米国のデ・ミニミス(少額免税ルール)と免税上限:800ドルの規則
米国の輸入におけるデ・ミニミス限度額(800ドル)のルールと、それが個人輸入や海外EC発送にどのように適用されるかを解説。
アメリカ(米国)へ商品を発送する際、あるいは米国在住で海外ECサイトを利用する際に知っておくべき最も重要なルールが「デ・ミニミス(de minimis)」と呼ばれる少額免税基準です。アメリカはこの免税枠が世界的に見ても非常に高く設定されており、個人輸入や国際配送において極めて有利な環境が整っています。
1. デ・ミニミス(De Minimis)とは?
デ・ミニミスとは、輸入される荷物の申告価値が一定額以下であれば、関税や輸入消費税を一切支払うことなく通関できる「少額免税制度」のことです。
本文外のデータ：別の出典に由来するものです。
lemma peval2_eq_sum:
  assumes "module S" "\<forall>i j. N \<le> i \<or> N \<le> j \<longrightarrow> w i j = 0"
  shows "peval2 S w x y = (\<Sum>i<N. \<Sum>j<N. S (x ^ i * y ^ j) (w i j))"
proof -
  interpret module S by fact
  have row: "\<forall>j\<ge>N. w i j = 0" for i using assms(2) by blast
  have "\<forall>i\<ge>N. w i = (\<lambda>j. 0)" using assms(2) by auto
  then have col: "\<forall>i\<ge>N. peval S (w i) y = 0" by (simp add: peval_def)
  have "peval2 S w x y = (\<Sum>i<N. S (x ^ i) (peval S (w i) y))"
    unfolding peval2_def by (rule peval_eq_sum[OF assms(1) col])
  also have "\<dots> = (\<Sum>i<N. \<Sum>j<N. S (x ^ i * y ^ j) (w i j))"
    by (simp add: peval_eq_sum[OF assms(1) row] scale_sum_right)
  finally show ?thesis .
qed

section \<open>Shearing the second variable\<close>

definition shear_coeffs ::
    "(complex \<Rightarrow> 'b \<Rightarrow> 'b) \<Rightarrow> complex \<Rightarrow> (nat \<Rightarrow> nat \<Rightarrow> 'b::ab_group_add) \<Rightarrow> nat \<Rightarrow> nat \<Rightarrow> 'b" where
  "shear_coeffs S c V i j =
     (\<Sum>p\<le>i. S (c ^ (i - p) * of_nat ((i - p + j) choose (i - p))) (V p (i - p + j)))"

lemma shift2_eq_shear_coeffs: "shift2 S w = shear_coeffs S 1 w"
  unfolding shift2_def shear_coeffs_def fun_eq_iff
proof (intro allI sum.cong refl)
  fix i j n :: nat
  show "S (of_nat ((i - n + j) choose j)) (w n (i - n + j)) =
        S (1 ^ (i - n) * of_nat ((i - n + j) choose (i - n))) (w n (i - n + j))"
    using binomial_symmetric[of j "i - n + j"] by simp
qed

lemma shear_coeffs_eq_zero:
  assumes "module S" "\<forall>p m. N \<le> p \<or> N \<le> m \<longrightarrow> V p m = 0" "2 * N \<le> i \<or> 2 * N \<le> j"
  shows "shear_coeffs S c V i j = 0"
proof -
  have "V p (i - p + j) = 0" if "p \<le> i" for p
  proof -
    have "N \<le> p \<or> N \<le> i - p + j" using assms(3) that by auto
    then show ?thesis using assms(2) by blast
  qed
  then show ?thesis unfolding shear_coeffs_def by (simp add: module.scale_zero_right[OF assms(1)])
qed

lemma fin_supp2_shear_coeffs:
  assumes "module S" "fin_supp2 V"
  shows "fin_supp2 (shear_coeffs S c V)"
  using assms shear_coeffs_eq_zero unfolding fin_supp2_def by blast

lemma fin_supp3_shear_coeffs:
  assumes "module S" "fin_supp3 w"
  shows "fin_supp3 (\<lambda>i. shear_coeffs S c (w i))"
proof -
  obtain N where N: "\<forall>i j k. N \<le> i \<or> N \<le> j \<or> N \<le> k \<longrightarrow> w i j k = 0"
    using assms(2) fin_supp3_def by blast
  have "shear_coeffs S c (w i) j k = 0" if "2 * N \<le> i \<or> 2 * N \<le> j \<or> 2 * N \<le> k" for i j k
  proof (cases "N \<le> i")
    case True
    then show ?thesis using N by (simp add: shear_coeffs_def module.scale_zero_right[OF assms(1)])
  next
    case False
    then show ?thesis using that N by (intro shear_coeffs_eq_zero[OF assms(1)]) auto
  qed
  then show ?thesis unfolding fin_supp3_def by blast
qed

lemma shear_coeffs_linear_map:
  "lin S T \<Longrightarrow> T (shear_coeffs S c V i j) = shear_coeffs S c (\<lambda>p m. T (V p m)) i j"
  unfolding shear_coeffs_def by (simp add: lin_sum lin_scale_comm)

lemma lin_shear_coeffs:
  assumes "module S" "\<And>p m. lin S (\<lambda>a. V a p m)"
  shows "lin S (\<lambda>a. shear_coeffs S c (V a) i j)"
  unfolding shear_coeffs_def
  by (intro lin_sum_fun[OF assms(1)] lin_comp[OF lin_scale[OF assms(1)] assms(2)])

lemma shear_coeffs_in_subspace:
  assumes "module S" "csubspace S A" "\<And>p m. V p m \<in> A"
  shows "shear_coeffs S c V i j \<in> A"
proof -
  interpret module S by fact
  have "subspace A" using assms(2) csubspace_iff_subspace[OF assms(1)] by simp
  then show ?thesis unfolding shear_coeffs_def by (simp add: subspace_sum subspace_scale assms(3))
qed

text \<open>Both sides sum \<open>G p a j\<close> over \<open>p < N\<close>, \<open>a + j < N\<close>: the left one indexed by
  \<open>i = p + a\<close>, the right one by \<open>m = a + j\<close>.\<close>

lemma sum_shear_reindex:
  fixes G :: "nat \<Rightarrow> nat \<Rightarrow> nat \<Rightarrow> 'b::comm_monoid_add"
  assumes "\<And>p a j. G p a j \<noteq> 0 \<Longrightarrow> p < N \<and> a + j < N"
  shows "(\<Sum>i<2 * N. \<Sum>j<2 * N. \<Sum>p\<le>i. G p (i - p) j) = (\<Sum>p<N. \<Sum>m<N. \<Sum>k\<le>m. G p (m - k) k)"
proof -
  define A where "A = (SIGMA i:{..<2 * N}. SIGMA j:{..<2 * N}. {..i})"
  define B where "B = (SIGMA p:{..<N}. SIGMA m:{..<N}. {..m})"
  define h where "h = (\<lambda>(p :: nat, m :: nat, k :: nat). (p + (m - k), k, p))"
  have "inj_on h B" unfolding inj_on_def h_def B_def by auto
  have "(\<Sum>p<N. \<Sum>m<N. \<Sum>k\<le>m. G p (m - k) k) = (\<Sum>(p, m, k)\<in>B. G p (m - k) k)"
    unfolding B_def by (simp add: sum.Sigma)
  also have "\<dots> = (\<Sum>(i, j, p)\<in>h ` B. G p (i - p) j)"
    by (subst sum.reindex[OF \<open>inj_on h B\<close>]) (auto simp: h_def B_def intro!: sum.cong)
  also have "\<dots> = (\<Sum>(i, j, p)\<in>A. G p (i - p) j)"
  proof (rule sum.mono_neutral_left)
    show "finite A" unfolding A_def by auto
    show "h ` B \<subseteq> A" unfolding A_def B_def h_def by auto
    show "\<forall>x\<in>A - h ` B. (case x of (i, j, p) \<Rightarrow> G p (i - p) j) = 0"
    proof (clarify)
      fix i j p assume ijp: "(i, j, p) \<in> A" "(i, j, p) \<notin> h ` B"
      show "G p (i - p) j = 0"
      proof (rule ccontr)
        assume "G p (i - p) j \<noteq> 0"
        then have "p < N" "i - p + j < N" using assms by blast+
        then have "(p, i - p + j, j) \<in> B" "h (p, i - p + j, j) = (i, j, p)"
          using ijp(1) unfolding A_def B_def h_def by auto
        then show False using ijp(2) by (metis image_eqI)
      qed
    qed
  qed
  also have "\<dots> = (\<Sum>i<2 * N. \<Sum>j<2 * N. \<Sum>p\<le>i. G p (i - p) j)"
    unfolding A_def by (simp add: sum.Sigma)
  finally show ?thesis by simp
qed

lemma peval2_shear_coeffs:
  assumes "module S" "fin_supp2 V"
  shows "peval2 S (shear_coeffs S c V) x y = peval2 S V x (y + c * x)"
proof -
  interpret module S by fact
  obtain N where N: "\<forall>p m. N \<le> p \<or> N \<le> m \<longrightarrow> V p m = 0"
    using assms(2) fin_supp2_def by blast
  have N2: "\<forall>i j. 2 * N \<le> i \<or> 2 * N \<le> j \<longrightarrow> shear_coeffs S c V i j = 0"
    using shear_coeffs_eq_zero[OF assms(1) N] by blast
  define G where "G p a j = S (x ^ (p + a) * y ^ j * c ^ a * of_nat ((a + j) choose a)) (V p (a + j))"
    for p a j
  have G_supp: "G p a j \<noteq> 0 \<Longrightarrow> p < N \<and> a + j < N" for p a j
    using N unfolding G_def by (metis not_le scale_zero_right)
  have "peval2 S (shear_coeffs S c V) x y = (\<Sum>i<2 * N. \<Sum>j<2 * N. \<Sum>p\<le>i. G p (i - p) j)"
    unfolding peval2_eq_sum[OF assms(1) N2] shear_coeffs_def G_def
    by (intro sum.cong refl) (simp add: scale_sum_right mult.assoc flip: power_add)
  also have "\<dots> = (\<Sum>p<N. \<Sum>m<N. \<Sum>k\<le>m. G p (m - k) k)"
    by (rule sum_shear_reindex[OF G_supp])
  also have "\<dots> = (\<Sum>p<N. \<Sum>m<N. S (x ^ p * (y + c * x) ^ m) (V p m))"
  proof (intro sum.cong refl)
    fix p m
    have "G p (m - k) k = S (x ^ p * (of_nat (m choose k) * y ^ k * (c * x) ^ (m - k))) (V p m)"
      if "k \<le> m" for k
      using that unfolding G_def power_add binomial_symmetric[OF that]
      by (simp add: power_mult_distrib mult_ac)
    then show "(\<Sum>k\<le>m. G p (m - k) k) = S (x ^ p * (y + c * x) ^ m) (V p m)"
      by (simp add: binomial_ring[of y "c * x"] sum_distrib_left scale_sum_left)
  qed
  also have "\<dots> = peval2 S V x (y + c * x)"
    by (rule peval2_eq_sum[OF assms(1) N, symmetric])
  finally show ?thesis .
qed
アメリカの現行のデ・ミニミス上限額は 800ドル です。つまり、アメリカ国外から送られる荷物で、その総価値が800ドル以下であれば、関税は無税となり、面倒な通関書類の作成や納税手続きも必要ありません。
2. 800ドルルールの適用条件
この800ドルの免税を受けるためには、以下の条件を満たす必要があります。
- 1人あたり1日1配送まで: 同一の受取人宛てに同じ日に複数の荷物が税関に到着し、その合計額が800ドルを超えた場合、免税対象から除外され、全額に対して課税される可能性があります。
- 個人利用目的であること: 基本的に個人が消費または使用する目的で輸入する荷物が対象です。
- 特定制限品でないこと: アルコール類、香水、タバコ製品など、免税が適用されない品目があります。
3. なぜアメリカの免税上限はこれほど高い?
アメリカは以前、免税上限を200ドルに設定していましたが、貿易の活性化と税関の業務負担を軽減するため、2016年に対象額を800ドルへ大幅に引き上げました。これにより、安価な荷物の通関手続きが自動化され、米国の消費者は海外からの直輸入を安価かつスピーディーに楽しめるようになりました。
4. 800ドルを超えた場合はどうなる?
荷物の申告価格が800ドルを超えると、通常の輸入手続き(正式通関または簡易通関)が必要になります。
受取人は商品の品目に応じた関税を支払う必要があり、DHLなどの配送業者から「関税立替手数料」も合わせて請求されます。高額商品を送る際は、この追加費用を見越しておく必要があります。
5. ルール変更の可能性(将来の展望)
近年、SheinやTemuなどの中国系大手ECプラットフォームから送られる膨大な数の免税小包が、アメリカ国内の小売業界に影響を与えているとして、議会や政府内で800ドルの上限引き下げや規制強化の議論が行われています。アメリカへ定期的に発送を行う場合は、最新の税関ニュースに注意を払うことが重要です。